In this guide, we'll take a look at how tokenkit interacts with tokenizers: tokenkit uses a unified byte-level interface to tokenizers to prevent issues stemming from tokenizers using different encoding schemes. For example, let's say we want to compute the number of overlapping tokenizers between the Gemma2 and Llama3 tokenizers. Here is the naive approach:
from transformers import AutoTokenizer
tok1 = AutoTokenizer.from_pretrained("google/gemma-2-2b-it")
tok2 = AutoTokenizer.from_pretrained("meta-llama/Llama-3.2-3B-Instruct")
n_overlap = len(set(tok1.get_vocab().keys()) & set(tok2.get_vocab().keys()))
# 25632 - this is suspiciously low!The two tokenizers use a different encoding, so even if two tokens encode the same UTF-8 bytes, they might look different!
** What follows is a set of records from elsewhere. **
(* Let $(\mathcal{F}_\alpha)_{\alpha<\omega_1}$ be a transfinite family. For every $\alpha<\omega_1$ and every infinite $L\subset\mathbb{N}$, $\mathbb{I}(\mathcal{F}_\alpha,L)=\alpha$.
   Context: An approximating family assigns to each countable limit ordinal $\alpha$ finite sets $A_n(\alpha)\subset[0,\alpha)$, $n\in\mathbb{N}$, with $A_n(\alpha)\subset A_{n+1}(\alpha)$ and $\lim_n\max A_n(\alpha)=\alpha$. The transfinite family it defines: $\mathcal{F}_0=\{\emptyset\}$; $\mathcal{F}_{\beta+1}=\{\{n\}\cup E:n\in\mathbb{N},E\in\mathcal{F}_\beta\}\cup\{\emptyset\}$; for limit $\alpha$, $\mathcal{F}_\alpha=\{\emptyset\}\cup\{E\ne\emptyset:E\in\bigcup_{\beta\in A_{\min E}(\alpha)}\mathcal{F}_\beta\}$. For $N=\{n_1<n_2<\dots\}$, $\mathcal{F}^N=\{\{n_i:i\in E\}:E\in\mathcal{F}\}$. A hereditary set $\mathcal{A}$ of finite subsets of $\mathbb{N}$ is $\alpha$-large on an infinite $P$ if for every infinite $M\subset P$ there is an infinite $N\subset M$ with $\mathcal{F}_\alpha^N\subset\mathcal{A}$ (independent of the approximating family); $\mathbb{I}(\mathcal{A},P)=\sup\{\alpha<\omega_1:\mathcal{A}\text{ is }\alpha\text{-large on }P\}$. *)

theory Defs
  imports Main "HOL-Library.Countable_Set" "HOL-Library.Infinite_Set"
begin

text \<open>Countable ordinals are modelled as elements of a well-ordered type 'o all of whose
  proper initial segments are countable (i.e. 'o is order-isomorphic to an ordinal
  \<le> omega_1).  Natural numbers are the HOL type nat (starting at 0).\<close>

definition countable_ordinals :: "('o::wellorder) itself \<Rightarrow> bool" where
  "countable_ordinals _ \<longleftrightarrow> (\<forall>x::'o. countable {..<x})"

definition is_zero_ord :: "'o::wellorder \<Rightarrow> bool" where
  "is_zero_ord a \<longleftrightarrow> (\<forall>b. \<not> b < a)"

definition is_succ_of :: "'o::wellorder \<Rightarrow> 'o \<Rightarrow> bool" where
  "is_succ_of a b \<longleftrightarrow> b < a \<and> (\<forall>c. \<not> (b < c \<and> c < a))"

definition is_limit_ord :: "'o::wellorder \<Rightarrow> bool" where
  "is_limit_ord a \<longleftrightarrow> \<not> is_zero_ord a \<and> (\<forall>b. \<not> is_succ_of a b)"

text \<open>Approximating family: A a n = A_n(a) for limit a.  The condition
  lim_n max A_n(a) = a is rendered as cofinality (A_n increasing, contained in [0,a)).\<close>
definition approximating_family :: "('o::wellorder \<Rightarrow> nat \<Rightarrow> 'o set) \<Rightarrow> bool" where
  "approximating_family A \<longleftrightarrow>
     (\<forall>a. is_limit_ord a \<longrightarrow>
        (\<forall>n. finite (A a n) \<and> A a n \<subseteq> {..<a} \<and> A a n \<subseteq> A a (Suc n)) \<and>
        (\<forall>b<a. \<exists>n. \<exists>c\<in>A a n. b \<le> c))"

definition transfinite_family ::
    "('o::wellorder \<Rightarrow> nat \<Rightarrow> 'o set) \<Rightarrow> ('o \<Rightarrow> nat set set) \<Rightarrow> bool" where
  "transfinite_family A F \<longleftrightarrow>
     (\<forall>a. is_zero_ord a \<longrightarrow> F a = {{}}) \<and>
     (\<forall>a b. is_succ_of a b \<longrightarrow> F a = {insert n E | n E. E \<in> F b} \<union> {{}}) \<and>
     (\<forall>a. is_limit_ord a \<longrightarrow>
        F a = {{}} \<union> {E. E \<noteq> {} \<and> E \<in> (\<Union>b\<in>A a (Min E). F b)})"

text \<open>F^N, where enumerate N is the increasing enumeration n_0 < n_1 < ... of N.\<close>
definition fam_on :: "nat set set \<Rightarrow> nat set \<Rightarrow> nat set set" where
  "fam_on \<F> N = (\<lambda>E. enumerate N ` E) ` \<F>"

definition is_large :: "('o::wellorder \<Rightarrow> nat set set) \<Rightarrow> 'o \<Rightarrow> nat set set \<Rightarrow> nat set \<Rightarrow> bool" where
  "is_large F a \<A> P \<longleftrightarrow>
     (\<forall>M. M \<subseteq> P \<and> infinite M \<longrightarrow> (\<exists>N. N \<subseteq> M \<and> infinite N \<and> fam_on (F a) N \<subseteq> \<A>))"

definition index_eq :: "('o::wellorder \<Rightarrow> nat set set) \<Rightarrow> nat set set \<Rightarrow> nat set \<Rightarrow> 'o \<Rightarrow> bool" where
  "index_eq F \<A> P a \<longleftrightarrow>
     (\<forall>b. is_large F b \<A> P \<longrightarrow> b \<le> a) \<and>
     (\<forall>c. (\<forall>b. is_large F b \<A> P \<longrightarrow> b \<le> c) \<longrightarrow> a \<le> c)"

end

theory Submission
  imports Defs
begin

text \<open>Call a node E of a family G of finite sets of rank at least b if E \<in> G and, for
  every c < b, infinitely many one-point extensions of E have rank at least c.  By
  induction on a, the root of F_a has rank at least a; and since F_a is spreading,
  F_a^M \<subseteq> F_a for every infinite M, so F_a is a-large on every L.

  Conversely, rank is preserved by relabelling and by enlarging the family, so
  F_b^N \<subseteq> F_a forces the root of F_a to have rank at least b.  But every
  nonempty node of F_a has rank below a, again by induction on a: at a successor a' + 1,
  deleting the minimum maps F_a into F_a'; at a limit, all end-extensions of E in F_a
  lie in the finite union of the F_c with c \<in> A_{min E}(a), and the rank of a node
  in a finite union of hereditary families is attained in one of them.  Hence the root
  of F_a has rank at most a.\<close>

definition hereditary :: "nat set set \<Rightarrow> bool" where
  "hereditary G \<longleftrightarrow> (\<forall>X\<in>G. \<forall>Y\<subseteq>X. Y \<in> G)"

definition end_extends :: "nat set \<Rightarrow> nat set \<Rightarrow> bool" where
  "end_extends X E \<longleftrightarrow> E \<subseteq> X \<and> (\<forall>x\<in>X - E. \<forall>e\<in>E. e < x)"

lemma Min_end_extension:
  assumes ext: "end_extends X E" and "finite X" "E \<noteq> {}"
  shows "Min X = Min E"
proof (rule Min_eqI)
  have "finite E" using ext \<open>finite X\<close> finite_subset unfolding end_extends_def by blast
  then have E: "Min E \<in> E" "\<forall>e\<in>E. Min E \<le> e" using \<open>E \<noteq> {}\<close> by simp_all
  then show "Min E \<in> X" using ext unfolding end_extends_def by blast
  show "Min E \<le> y" if "y \<in> X" for y
    using E ext that unfolding end_extends_def by (cases "y \<in> E") (auto intro: less_imp_le)
qed fact

lemma INFM_mono_imp: "(\<And>x. P x \<longrightarrow> Q x) \<Longrightarrow> (\<exists>\<^sub>\<infinity>x. P x) \<longrightarrow> (\<exists>\<^sub>\<infinity>x. Q x)"
  by (metis INFM_mono)

text \<open>The new elements n need not exceed the elements of E; this makes the rank invariant
  under injective relabelling of the ground set.\<close>

inductive rank_ge :: "nat set set \<Rightarrow> nat set \<Rightarrow> 'o::wellorder \<Rightarrow> bool" for G where
  rank_geI: "E \<in> G \<Longrightarrow> (\<And>c. c < b \<Longrightarrow> \<exists>\<^sub>\<infinity>n. rank_ge G (insert n E) c) \<Longrightarrow> rank_ge G E b"
  monos INFM_mono_imp

lemma rank_ge_mem: "rank_ge G E b \<Longrightarrow> E \<in> G"
  by (auto elim: rank_ge.cases)

lemma rank_ge_INFM: "rank_ge G E b \<Longrightarrow> c < b \<Longrightarrow> \<exists>\<^sub>\<infinity>n. rank_ge G (insert n E) c"
  by (auto elim: rank_ge.cases)

lemma rank_ge_le: "rank_ge G E b \<Longrightarrow> c \<le> b \<Longrightarrow> rank_ge G E c"
  by (auto elim!: rank_ge.cases intro!: rank_geI)

lemma rank_ge_INFM_le:
  "\<exists>\<^sub>\<infinity>n. rank_ge G (insert n E) b \<Longrightarrow> c \<le> b \<Longrightarrow> \<exists>\<^sub>\<infinity>n. rank_ge G (insert n E) c"
  by (auto elim: INFM_mono intro: rank_ge_le)

lemma rank_ge_mono:
  assumes "rank_ge G E b" and "G \<subseteq> G'"
  shows "rank_ge G' E b"
  using assms(1)
proof (induction rule: rank_ge.induct)
  case (rank_geI E b)
  show ?case
  proof (rule rank_ge.rank_geI)
    show "E \<in> G'" using rank_geI.hyps assms(2) by blast
    show "\<exists>\<^sub>\<infinity>n. rank_ge G' (insert n E) c" if "c < b" for c
      using rank_geI.IH[OF that] by (rule INFM_mono) blast
  qed
qed

lemma rank_ge_root_le:
  fixes a b :: "'o::wellorder"
  assumes "rank_ge G {} b" and "\<And>n. \<not> rank_ge G {n} a"
  shows "b \<le> a"
  using rank_ge_INFM[OF assms(1), of a] assms(2) by (metis INFM_EX not_le)

lemma rank_ge_image:
  assumes "rank_ge G E b" and "inj g"
  shows "rank_ge (image g ` G) (g ` E) b"
  using assms(1)
proof (induction rule: rank_ge.induct)
  case (rank_geI E b)
  show ?case
  proof (rule rank_ge.rank_geI)
    show "g ` E \<in> image g ` G" using rank_geI.hyps by blast
    fix c assume "c < b"
    have "\<exists>\<^sub>\<infinity>n. rank_ge (image g ` G) (insert (g n) (g ` E)) c"
      using rank_geI.IH[OF \<open>c < b\<close>] by (rule INFM_mono) simp
    then show "\<exists>\<^sub>\<infinity>m. rank_ge (image g ` G) (insert m (g ` E)) c"
      using assms(2) by (rule INFM_inj[where P = "\<lambda>m. rank_ge _ (insert m (g ` E)) c"])
  qed
qed

lemma rank_ge_insert:
  assumes "rank_ge G E b" and "\<And>X. X \<in> G \<Longrightarrow> insert n X \<in> G'"
  shows "rank_ge G' (insert n E) b"
  using assms(1)
proof (induction rule: rank_ge.induct)
  case (rank_geI E b)
  show ?case
  proof (rule rank_ge.rank_geI)
    show "insert n E \<in> G'" using assms(2) rank_geI.hyps .
    show "\<exists>\<^sub>\<infinity>m. rank_ge G' (insert m (insert n E)) c" if "c < b" for c
      using rank_geI.IH[OF that] by (rule INFM_mono) (simp add: insert_commute)
  qed
qed

text \<open>Extensions by large elements leave the minimum alone, so the children of E - {Min E}
  are eventually the children of E with the minimum removed.\<close>

lemma rank_ge_remove_Min:
  assumes "rank_ge G E b" "E \<noteq> {}" "finite E"
    and "\<And>X. X \<in> G \<Longrightarrow> X \<noteq> {} \<Longrightarrow> X - {Min X} \<in> G'"
  shows "rank_ge G' (E - {Min E}) b"
  using assms
proof (induction rule: rank_ge.induct)
  case (rank_geI E b)
  show ?case
  proof (rule rank_ge.rank_geI)
    show "E - {Min E} \<in> G'" using rank_geI by blast
    fix c assume "c < b"
    have "\<exists>\<^sub>\<infinity>n. rank_ge G' (insert n E - {Min (insert n E)}) c"
      using rank_geI.IH[OF \<open>c < b\<close>] by (rule INFM_mono) (use rank_geI.prems in auto)
    moreover have "\<forall>\<^sub>\<infinity>n. Min E < n" by (auto simp: MOST_nat)
    ultimately have "\<exists>\<^sub>\<infinity>n. rank_ge G' (insert n E - {Min (insert n E)}) c \<and> Min E < n"
      by (rule INFM_conjI)
    then show "\<exists>\<^sub>\<infinity>n. rank_ge G' (insert n (E - {Min E})) c"
      by (rule INFM_mono) (use rank_geI.prems in \<open>auto simp: insert_Diff_if\<close>)
  qed
qed

lemma rank_ge_end_extensions:
  assumes "rank_ge G E b" "finite E" and "\<And>X. end_extends X E \<Longrightarrow> X \<in> G \<Longrightarrow> X \<in> G'"
  shows "rank_ge G' E b"
  using assms
proof (induction rule: rank_ge.induct)
  case (rank_geI E b)
  show ?case
  proof (rule rank_ge.rank_geI)
    show "E \<in> G'" using rank_geI by (simp add: end_extends_def)
    fix c assume "c < b"
    have large: "\<forall>\<^sub>\<infinity>n. \<forall>e\<in>E. e < n"
      using \<open>finite E\<close> by (subst MOST_finite_Ball_distrib) (auto simp: MOST_nat)
    have "end_extends X E" if "end_extends X (insert n E)" "\<forall>e\<in>E. e < n" for X n
      using that unfolding end_extends_def by auto
    then show "\<exists>\<^sub>\<infinity>n. rank_ge G' (insert n E) c"
      using INFM_conjI[OF rank_geI.IH[OF \<open>c < b\<close>] large]
      by (elim INFM_mono) (use rank_geI.prems in blast)
  qed
qed

lemma rank_ge_Un:
  assumes "rank_ge (G1 \<union> G2) E b" and "hereditary G1" "hereditary G2"
  shows "rank_ge G1 E b \<or> rank_ge G2 E b"
  using assms(1)
proof (induction b arbitrary: E rule: less_induct)
  case (less b E)
  let ?often = "\<lambda>G c. \<exists>\<^sub>\<infinity>n. rank_ge G (insert n E) c"
  have split: "?often G1 c \<or> ?often G2 c" if "c < b" for c
  proof -
    have "\<exists>\<^sub>\<infinity>n. rank_ge G1 (insert n E) c \<or> rank_ge G2 (insert n E) c"
      using rank_ge_INFM[OF less.prems that] by (rule INFM_mono) (rule less.IH[OF that])
    then show ?thesis by (simp only: INFM_disj_distrib)
  qed
  have often_cases: "(\<forall>c<b. ?often G1 c) \<or> (\<forall>c<b. ?often G2 c)"
  proof (rule ccontr)
    assume "\<not> ?thesis"
    then obtain c1 c2 where "c1 < b" "\<not> ?often G1 c1" "c2 < b" "\<not> ?often G2 c2" by blast
    with split show False
      using rank_ge_INFM_le le_cases[of c1 c2] by metis
  qed
  have rank: "rank_ge G E b" if "hereditary G" "\<forall>c<b. ?often G c" "E \<in> G \<or> (\<exists>c. c < b)" for G
  proof (rule rank_ge.rank_geI)
    show "E \<in> G"
      using that INFM_EX rank_ge_mem subset_insertI unfolding hereditary_def by metis
  qed (use that in blast)
  show ?case
  proof (cases "\<exists>c. c < b")
    case True
    then show ?thesis using often_cases rank assms(2,3) by blast
  next
    case False
    then show ?thesis using rank_ge_mem[OF less.prems] rank assms(2,3) by blast
  qed
qed

lemma hereditary_UN: "(\<And>i. i \<in> I \<Longrightarrow> hereditary (G i)) \<Longrightarrow> hereditary (\<Union>i\<in>I. G i)"
  unfolding hereditary_def by blast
tok1.tokenize(" Café") # ['▁Café']
tok2.tokenize(" Café") # ['ĠCafé']We can fix this by instead using the tokenkit.byteify.ByteifyTokenizer interface. 'Byteification' preserves the tokenizers functionality, while providing a unified (byte-level) encoding:
from tokenkit.byteify import load_byteify_tokenizer
tok1 = load_byteify_tokenizer("google/gemma-2-2b-it:source=Gemma2")
tok2 = load_byteify_tokenizer("meta-llama/Llama-3.2-3B-Instruct:source=Llama3")
n_overlap = len(set(tok1.get_vocab().keys()) & set(tok2.get_vocab().keys()))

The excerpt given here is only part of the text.